L’arrière « se la coule-t-il aussi douce » que les poilus veulent bien le penser ? Le pays oublie-t-il ses enfants aux tranchées ? Y a-t-il deux France, l’une au combat, l’autre qui se désintéresserait de la guerre ? La frustration des poilus qui trouvent insupportable que d’autres continuent à vivre, presque normalement, quand eux souffrent le martyre ne doit pas égarer : si la France continue de tenir en 1918 face à l’Allemagne, c’est parce que tout le pays est uni dans la lutte, parce que chacun est à son poste, à l’avant comme à l’arrière – le soldat aux tranchées, l’ouvrière dans l’usine de guerre. Cette mobilisation humaine, économique et psychologique porte un nom : la guerre totale. Le mot n’est pas encore inventé, on lui préfère l’expression de « guerre intégrale » qu’utilise Clemenceau en 1917, mais le sens est le même : toutes les forces du pays sont au service de la guerre.

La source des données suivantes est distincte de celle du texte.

(* Let $\Gamma\le\mathrm{Iso}(\mathbb{R}^{r,s})$ be a subgroup whose centralizer in $\mathrm{Iso}(\mathbb{R}^{r,s})$ has an open orbit in $\mathbb{R}^{r,s}$, and let $\Delta$ be the center of $\Gamma$. Then $U_\Delta\perp U_\Gamma$.
   Context: $\mathbb{R}^{r,s}$ denotes $\mathbb{R}^{n}$, $n=r+s$, with a nondegenerate symmetric bilinear form $\langle\cdot,\cdot\rangle$ of signature $(r,s)$; $\mathrm{Iso}(\mathbb{R}^{r,s})$ is its group of affine isometries, whose elements are written $\gamma=(I+A,v)\colon x\mapsto(I+A)x+v$. For a subset $\Lambda$ of $\Gamma$, $U_\Lambda=\sum_{(I+A,v)\in\Lambda}\operatorname{im}A$. Known facts (Wolf) for such $\Gamma$: every $(I+A,v)\in\Gamma$ satisfies $A^2=0$, $Av=0$, $\langle Ax,y\rangle=-\langle x,Ay\rangle$, $\ker A=(\operatorname{im}A)^\perp$, $\operatorname{im}A$ totally isotropic; for $\gamma_i=(I+A_i,v_i)\in\Gamma$ one has $A_1A_2A_3=0$ and $[\gamma_1,\gamma_2]=(I+2A_1A_2,2A_1v_2)$. *)

theory Defs
  imports "HOL-Analysis.Analysis"
begin

text \<open>A scalar product of signature (r,s) on real^'n: a symmetric bilinear form
  admitting a B-orthonormal basis with r vectors of square 1 and s of square -1.
  (This makes real^'n with B a copy of R^{r,s}.)\<close>
definition sig_form :: "(real^'n::finite \<Rightarrow> real^'n \<Rightarrow> real) \<Rightarrow> nat \<Rightarrow> nat \<Rightarrow> bool" where
  "sig_form B r s \<longleftrightarrow> bilinear B \<and> (\<forall>x y. B x y = B y x) \<and>
     (\<exists>f :: 'n \<Rightarrow> real^'n. span (range f) = UNIV \<and>
        (\<forall>i j. i \<noteq> j \<longrightarrow> B (f i) (f j) = 0) \<and>
        (\<forall>i. B (f i) (f i) = 1 \<or> B (f i) (f i) = -1) \<and>
        card {i. B (f i) (f i) = 1} = r \<and> card {i. B (f i) (f i) = -1} = s)"

text \<open>Affine maps x \<mapsto> L x + v, represented as pairs (L, v).\<close>
type_synonym ('n) aff = "(real^'n::finite^'n) \<times> (real^'n)"

definition aff_apply :: "('n::finite) aff \<Rightarrow> real^'n \<Rightarrow> real^'n" where
  "aff_apply g x = fst g *v x + snd g"

definition aff_mult :: "('n::finite) aff \<Rightarrow> 'n aff \<Rightarrow> 'n aff" where
  "aff_mult g h = (fst g ** fst h, fst g *v snd h + snd g)"

definition aff_one :: "('n::finite) aff" where
  "aff_one = (mat 1, 0)"

definition aff_inv :: "('n::finite) aff \<Rightarrow> 'n aff" where
  "aff_inv g = (matrix_inv (fst g), - (matrix_inv (fst g) *v snd g))"

definition Iso :: "(real^'n::finite \<Rightarrow> real^'n \<Rightarrow> real) \<Rightarrow> 'n aff set" where
  "Iso B = {g. \<forall>x y. B (fst g *v x) (fst g *v y) = B x y}"

definition is_subgroup :: "('n::finite) aff set \<Rightarrow> 'n aff set \<Rightarrow> bool" where
  "is_subgroup H G \<longleftrightarrow> H \<subseteq> G \<and> aff_one \<in> H \<and>
     (\<forall>g\<in>H. \<forall>h\<in>H. aff_mult g h \<in> H) \<and> (\<forall>g\<in>H. aff_inv g \<in> H)"

definition centralizer :: "('n::finite) aff set \<Rightarrow> 'n aff set \<Rightarrow> 'n aff set" where
  "centralizer G H = {g\<in>G. \<forall>h\<in>H. aff_mult g h = aff_mult h g}"

definition center :: "('n::finite) aff set \<Rightarrow> 'n aff set" where
  "center H = centralizer H H"

definition orbit :: "('n::finite) aff set \<Rightarrow> real^'n \<Rightarrow> (real^'n) set" where
  "orbit H x = (\<lambda>g. aff_apply g x) ` H"

text \<open>U_Lambda = sum of the subspaces im A over (I+A, v) in Lambda, i.e. A = L - I.\<close>
definition U_of :: "('n::finite) aff set \<Rightarrow> (real^'n) set" where
  "U_of Lam = span (\<Union>g\<in>Lam. range (\<lambda>x. (fst g - mat 1) *v x))"

end

theory Submission
  imports Defs
begin

text \<open>
  Write \<open>\<gamma> = (I + A, v)\<close> and let \<open>disp \<gamma> y = \<gamma> y - y\<close> be the displacement of \<open>\<gamma>\<close>,
  an affine map with linear part \<open>A\<close>.  If \<open>z\<close> is an isometry commuting with \<open>\<gamma>\<^sub>1, \<gamma>\<^sub>2\<close>
  then \<open>disp \<gamma>\<^sub>i (z x) = L\<^sub>z (disp \<gamma>\<^sub>i x)\<close>, so \<open>B (disp \<gamma>\<^sub>1 y) (disp \<gamma>\<^sub>2 y)\<close> is constant on
  every orbit of the centralizer.  A quadratic function constant on an open set has
  vanishing quadratic part, hence \<open>B (A\<^sub>1 h) (A\<^sub>2 h) = 0\<close>, and by polarization
  \<open>B (A\<^sub>1 h) (A\<^sub>2 k) + B (A\<^sub>1 k) (A\<^sub>2 h) = 0\<close> for all \<open>\<gamma>\<^sub>1, \<gamma>\<^sub>2 \<in> \<Gamma>\<close>.
  With \<open>\<gamma>\<^sub>1 = \<gamma>\<^sub>2\<close> this says \<open>im A\<close> is totally isotropic, which together with
  \<open>I + A\<close> being an isometry makes \<open>A\<close> skew-adjoint.  For \<open>\<delta> = (I + D, w)\<close> central,
  \<open>D\<close> and \<open>A\<close> commute, and skew-adjointness gives \<open>B (D h) (A k) = B (D k) (A h)\<close>;
  combined with the polarized identity this forces \<open>B (D h) (A k) = 0\<close>.
\<close>

abbreviation lin_dev :: "('n::finite) aff \<Rightarrow> real^'n^'n" where
  "lin_dev g \<equiv> fst g - mat 1"

definition disp :: "('n::finite) aff \<Rightarrow> real^'n \<Rightarrow> real^'n" where
  "disp g y = aff_apply g y - y"

lemma disp_add: "disp g (y + h) = disp g y + lin_dev g *v h"
  unfolding disp_def aff_apply_def by (simp add: algebra_simps)

lemma aff_apply_mult: "aff_apply (aff_mult a b) y = aff_apply a (aff_apply b y)"
  unfolding aff_apply_def aff_mult_def
  by (simp add: matrix_vector_mul_assoc matrix_vector_right_distrib)

lemma disp_commuting:
  assumes "aff_mult z g = aff_mult g z"
  shows "disp g (aff_apply z x) = fst z *v disp g x"
proof -
  have "aff_apply g (aff_apply z x) = aff_apply z (aff_apply g x)"
    using assms aff_apply_mult by metis
  thus ?thesis unfolding disp_def aff_apply_def
    by (simp add: matrix_vector_mult_diff_distrib)
qed

lemma disp_pairing_const_on_orbit:
  assumes "g1 \<in> H" "g2 \<in> H" "y \<in> orbit (centralizer (Iso B) H) x"
  shows "B (disp g1 y) (disp g2 y) = B (disp g1 x) (disp g2 x)"
proof -
  obtain z where z: "z \<in> centralizer (Iso B) H" "y = aff_apply z x"
    using assms(3) unfolding orbit_def by blast
  have iso: "z \<in> Iso B" and comm: "\<And>g. g \<in> H \<Longrightarrow> aff_mult z g = aff_mult g z"
    using z(1) unfolding centralizer_def by auto
  show ?thesis
    using disp_commuting[OF comm[OF assms(1)]] disp_commuting[OF comm[OF assms(2)]] iso z(2)
    unfolding Iso_def by simp
qed

text \<open>If \<open>B (f\<^sub>1 y) (f\<^sub>2 y)\<close> is constant on an open set, where \<open>f\<^sub>1, f\<^sub>2\<close> are affine with
  linear parts \<open>A\<^sub>1, A\<^sub>2\<close>, then the quadratic part \<open>h \<mapsto> B (A\<^sub>1 h) (A\<^sub>2 h)\<close> vanishes:
  the symmetric difference quotient at an interior point kills the constant and linear
  terms, and the quadratic term scales.\<close>
lemma quadratic_part_zero:
  fixes B :: "real^'n \<Rightarrow> real^'n \<Rightarrow> real"
  assumes bl: "bilinear B" and op: "open U" and xU: "x \<in> U"
    and const: "\<And>y. y \<in> U \<Longrightarrow> B (f1 y) (f2 y) = c"
    and af1: "\<And>y h. f1 (y + h) = f1 y + A1 *v h"
    and af2: "\<And>y h. f2 (y + h) = f2 y + A2 *v h"
  shows "B (A1 *v h) (A2 *v h) = 0"
proof -
  obtain e where e: "e > 0" "ball x e \<subseteq> U" using op xU open_contains_ball by blast
  have small: "B (A1 *v k) (A2 *v k) = 0" if "norm k < e" for k
  proof -
    have "x + k \<in> U" "x + (-k) \<in> U" using that e by (auto simp: dist_norm)
    hence q1: "B (f1 x + A1 *v k) (f2 x + A2 *v k) = c"
      and q2: "B (f1 x + A1 *v (-k)) (f2 x + A2 *v (-k)) = c"
      using const af1 af2 by metis+
    have q0: "B (f1 x) (f2 x) = c" using const xU by blast
    have neg: "A1 *v (-k) = - (A1 *v k)" "A2 *v (-k) = - (A2 *v k)"
      using matrix_vector_mult_scaleR[of A1 "-1" k] matrix_vector_mult_scaleR[of A2 "-1" k]
      by simp_all
    from q1 q2 q0 show ?thesis
      unfolding neg
      by (simp add: bilinear_ladd[OF bl] bilinear_radd[OF bl] bilinear_lsub[OF bl]
          bilinear_rsub[OF bl])
  qed
  define t where "t = e / (2 * (norm h + 1))"
  have np: "norm h + 1 > 0" using norm_ge_zero[of h] by linarith
  have tpos: "t > 0" using e np unfolding t_def by simp
  have "norm (t *\<^sub>R h) = t * norm h" using tpos by simp
  also have "\<dots> < t * (2 * (norm h + 1))"
    using tpos np by (intro mult_strict_left_mono) auto
  also have "\<dots> = e" unfolding t_def using np by simp
  finally have "B (A1 *v (t *\<^sub>R h)) (A2 *v (t *\<^sub>R h)) = 0" by (rule small)
  hence "t * t * B (A1 *v h) (A2 *v h) = 0"
    by (simp add: matrix_vector_mult_scaleR bilinear_lmul[OF bl] bilinear_rmul[OF bl])
  thus ?thesis using tpos by simp
qed

lemma polarization:
  fixes B :: "real^'n \<Rightarrow> real^'n \<Rightarrow> real"
  assumes bl: "bilinear B" and q: "\<And>h. B (A1 *v h) (A2 *v h) = 0"
  shows "B (A1 *v h) (A2 *v k) + B (A1 *v k) (A2 *v h) = 0"
proof -
  have "B (A1 *v (h + k)) (A2 *v (h + k)) = 0" by (rule q)
  thus ?thesis using q[of h] q[of k]
    by (simp add: matrix_vector_right_distrib bilinear_ladd[OF bl] bilinear_radd[OF bl])
qed

lemma open_orbit_polarized:
  fixes B :: "real^'n \<Rightarrow> real^'n \<Rightarrow> real"
  assumes bl: "bilinear B" and op: "open (orbit (centralizer (Iso B) H) x)"
    and g1: "g1 \<in> H" and g2: "g2 \<in> H"
  shows "B (lin_dev g1 *v h) (lin_dev g2 *v k) + B (lin_dev g1 *v k) (lin_dev g2 *v h) = 0"
proof -
  have "aff_one \<in> centralizer (Iso B) H"
    unfolding centralizer_def Iso_def aff_one_def aff_mult_def by simp
  hence "x \<in> orbit (centralizer (Iso B) H) x"
    unfolding orbit_def by (force simp: aff_apply_def aff_one_def)
  from quadratic_part_zero[OF bl op this disp_pairing_const_on_orbit[OF g1 g2, of _ B x] disp_add disp_add]
  show ?thesis by (rule polarization[OF bl])
qed

lemma isotropic_isometry_skew:
  fixes B :: "real^'n \<Rightarrow> real^'n \<Rightarrow> real"
  assumes bl: "bilinear B"
    and iso: "\<And>x y. B ((mat 1 + A) *v x) ((mat 1 + A) *v y) = B x y"
    and isotropic: "\<And>x y. B (A *v x) (A *v y) = 0"
  shows "B (A *v h) k = - B h (A *v k)"
  using iso[of h k] isotropic[of h k]
  by (simp add: matrix_vector_mult_add_rdistrib bilinear_ladd[OF bl] bilinear_radd[OF bl])

lemma lin_dev_commute:
  fixes L M :: "real^'n^'n"
  assumes "L ** M = M ** L"
  shows "(L - mat 1) *v ((M - mat 1) *v v) = (M - mat 1) *v ((L - mat 1) *v v)"
proof -
  have "L *v (M *v v) = M *v (L *v v)" by (simp add: matrix_vector_mul_assoc assms)
  thus ?thesis by (simp add: algebra_simps)
qed

text \<open>Commuting skew-adjoint maps \<open>D, A\<close> satisfy \<open>B (D h) (A k) = B (D k) (A h)\<close>;
  with the polarized identity this gives \<open>B (D h) (A k) = 0\<close>.\<close>
lemma commuting_skew_orthogonal:
  fixes B :: "real^'n \<Rightarrow> real^'n \<Rightarrow> real"
  assumes sym: "\<And>x y. B x y = B y x"
    and skewD: "\<And>x y. B (D *v x) y = - B x (D *v y)"
    and skewA: "\<And>x y. B (A *v x) y = - B x (A *v y)"
    and comm: "\<And>v. D *v (A *v v) = A *v (D *v v)"
    and polar: "B (D *v h) (A *v k) + B (D *v k) (A *v h) = 0"
  shows "B (D *v h) (A *v k) = 0"
proof -
  have "B (D *v h) (A *v k) = - B h (D *v (A *v k))" by (rule skewD)
  also have "D *v (A *v k) = A *v (D *v k)" by (rule comm)
  also have "- B h (A *v (D *v k)) = B (A *v h) (D *v k)" using skewA[of h "D *v k"] by simp
  also have "\<dots> = B (D *v k) (A *v h)" by (rule sym)
  finally show ?thesis using polar by simp
qed

lemma bilinear_span_orthogonal:
  fixes B :: "real^'n \<Rightarrow> real^'n \<Rightarrow> real"
  assumes bl: "bilinear B" and gen: "\<And>a b. a \<in> S \<Longrightarrow> b \<in> T \<Longrightarrow> B a b = 0"
    and u: "u \<in> span S" and w: "w \<in> span T"
  shows "B u w = 0"
proof -
  have "bilinear (\<lambda>(x::real^'n) (y::real^'n). 0::real)"
    by (simp add: bilinear_def linear_zero)
  from bilinear_eq[OF bl this, of "span S" S "span T" T u w] show ?thesis
    using gen u w by auto
qed

text \<open>For a group \<open>H\<close> of isometries whose centralizer has an open orbit, every
  linear part \<open>A\<close> has totally isotropic image and is therefore skew-adjoint.\<close>
lemma open_orbit_skew:
  fixes B :: "real^'n \<Rightarrow> real^'n \<Rightarrow> real"
  assumes bl: "bilinear B" and sym: "\<And>x y. B x y = B y x"
    and op: "open (orbit (centralizer (Iso B) H) x)"
    and HI: "H \<subseteq> Iso B" and g: "g \<in> H"
  shows "B (lin_dev g *v h) k = - B h (lin_dev g *v k)"
proof (rule isotropic_isometry_skew[OF bl])
  show "B ((mat 1 + lin_dev g) *v y) ((mat 1 + lin_dev g) *v z) = B y z" for y z
    using g HI unfolding Iso_def by auto
  show "B (lin_dev g *v y) (lin_dev g *v z) = 0" for y z
    using open_orbit_polarized[OF bl op g g, of y z] sym[of "lin_dev g *v y"] by simp
qed

lemma open_orbit_center_orthogonal:
  fixes B :: "real^'n \<Rightarrow> real^'n \<Rightarrow> real"
  assumes bl: "bilinear B" and sym: "\<And>x y. B x y = B y x"
    and op: "open (orbit (centralizer (Iso B) H) x)"
    and HI: "H \<subseteq> Iso B" and d: "d \<in> center H" and g: "g \<in> H"
  shows "B (lin_dev d *v h) (lin_dev g *v k) = 0"
proof -
  have dH: "d \<in> H" and "aff_mult d g = aff_mult g d"
    using d g unfolding center_def centralizer_def by auto
  hence "fst d ** fst g = fst g ** fst d" unfolding aff_mult_def by simp
  hence "lin_dev d *v (lin_dev g *v v) = lin_dev g *v (lin_dev d *v v)" for v
    by (rule lin_dev_commute)
  from commuting_skew_orthogonal[OF sym open_orbit_skew[OF bl sym op HI dH]
      open_orbit_skew[OF bl sym op HI g] this open_orbit_polarized[OF bl op dH g]]
  show ?thesis .
qed

theorem lemma4p1:
  fixes B :: "real^'n \<Rightarrow> real^'n \<Rightarrow> real" and r s :: nat
    and \<Gamma> :: "'n aff set"
  assumes "sig_form B r s"
    and "is_subgroup \<Gamma> (Iso B)"
    and "\<exists>x. open (orbit (centralizer (Iso B) \<Gamma>) x)"
  shows "\<forall>u\<in>U_of (center \<Gamma>). \<forall>w\<in>U_of \<Gamma>. B u w = 0"
proof -
  have bl: "bilinear B" and sym: "\<And>x y. B x y = B y x"
    using assms(1) unfolding sig_form_def by auto
  have HI: "\<Gamma> \<subseteq> Iso B" using assms(2) unfolding is_subgroup_def by simp
  obtain x where op: "open (orbit (centralizer (Iso B) \<Gamma>) x)" using assms(3) by blast
  show ?thesis unfolding U_of_def
  proof (intro ballI)
    fix u w assume u: "u \<in> span (\<Union>d\<in>center \<Gamma>. range (\<lambda>x. lin_dev d *v x))"
      and w: "w \<in> span (\<Union>g\<in>\<Gamma>. range (\<lambda>x. lin_dev g *v x))"
    show "B u w = 0"
      by (rule bilinear_span_orthogonal[OF bl _ u w])
        (auto intro: open_orbit_center_orthogonal[OF bl sym op HI])
  qed
qed

end
lemma uM_eq:
  assumes x: "0 < x" "x < LM"
  shows "uM x = (DM x * yM x * x powr (1 - (real N + \<alpha>))) powr (1 / (m - 1))"
proof -
  define z where "z = vd (lam * x)"
  have r: "0 < lam * x" "lam * x < R" using lam_mult_mem[of x] lam_pos x by auto
  have z: "z \<le> 0" using vd_nonpos[of "lam * x"] r by (simp add: z_def)
  have D: "0 < DM x" using weight_pos[of "lam * x"] r by (simp add: DM_def)
  have uM: "uM x = lam * \<bar>z\<bar> / M" using z by (simp add: uM_def z_def)
  have "\<bar>z\<bar> powr (m - 2) * z = - (\<bar>z\<bar> powr (m - 1))"
    using abs_powr_diff_one_mult[of z "m - 1"] z by simp
  then have "flux (lam * x) = - ((lam * x) powr (real N + \<alpha> - 1) * \<bar>z\<bar> powr (m - 1) / DM x)"
    by (simp add: flux_def DM_def z_def)
  moreover have "x powr (real N + \<alpha> - 1) * x powr (1 - (real N + \<alpha>)) = 1"
    using x by (simp add: powr_add[symmetric])
  moreover have "lam powr (real N + \<alpha> - 1) / lam powr (real N + \<alpha> - m) = lam powr (m - 1)"
    by (simp add: powr_diff[symmetric])
  moreover have "uM x powr (m - 1) = lam powr (m - 1) * \<bar>z\<bar> powr (m - 1) / M powr (m - 1)"
    unfolding uM by (simp add: powr_mult powr_divide)
  ultimately have "DM x * yM x * x powr (1 - (real N + \<alpha>)) = uM x powr (m - 1)"
    using D lam_pos M_pos by (simp add: yM_def powr_mult field_simps)
  then have "(DM x * yM x * x powr (1 - (real N + \<alpha>))) powr (1 / (m - 1))
      = uM x powr ((m - 1) * (1 / (m - 1)))"
    by (simp add: powr_powr)
  then show ?thesis using m_gt_1 uM lam_pos M_pos by simp
qed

Tournées par la section cinématographique de l’armée créée en 1915, ces images exceptionnelles ne nous montrent cependant qu’un versant de la guerre. Au service de l’effort national, elles disent la bonne humeur des soldats à l’avant et la détermination de l’arrière. Elles ne racontent pas le doute, la tristesse, et surtout pas la mort. A nous de nous rappeler que ce qu’elles ne montrent pas est au moins aussi important que ce qu’elles ont l’ambition de prouver.

Nostradamus s’en va-t-en guerre : 1914-1918

Hachette littératures, 2008, 188 p.
Imagine-t-on qu’à la veille de fuir la capitale, le 2 septembre 1914, le gouvernement français convoque Mme Fraya, une voyante mondaine, pour lui demander si l’ennemi s’emparera de Paris ? Sait-on que le président Raymond Poincaré a reçu cette même Mme Fraya à l’Élysée en 1917 pour lui poser des questions sur la fin de la guerre ? Ou encore qu’il a reçu une jeune bergère vendéenne qui, se croyant une nouvelle Jeanne d’Arc, prétendait avoir reçu de Dieu la mission de bouter l’ennemi hors de France ? De 1914 à 1918, une flambée de prophétisme et de voyance saisit en effet les Français qui tentent de se rassurer comme ils peuvent en déchiffrant les quatrains de Nostradamus et les lignes de la main, en interrogeant les esprits, les boules de cristal ou le marc de café, tandis que les poilus, dans les tranchées, communient dans des rituels magiques censés les protéger de la mort. En ces temps d'angoisse, les contemporains s'en remettent tout simplement à l'occulte pour mieux supporter le présent et espérer enfin en l'avenir. Jean-Yves Le Naour rend compte ici d’une culture populaire, longtemps ignorée par les historiens, et offre une nouvelle approche pour la compréhension du premier conflit mondial.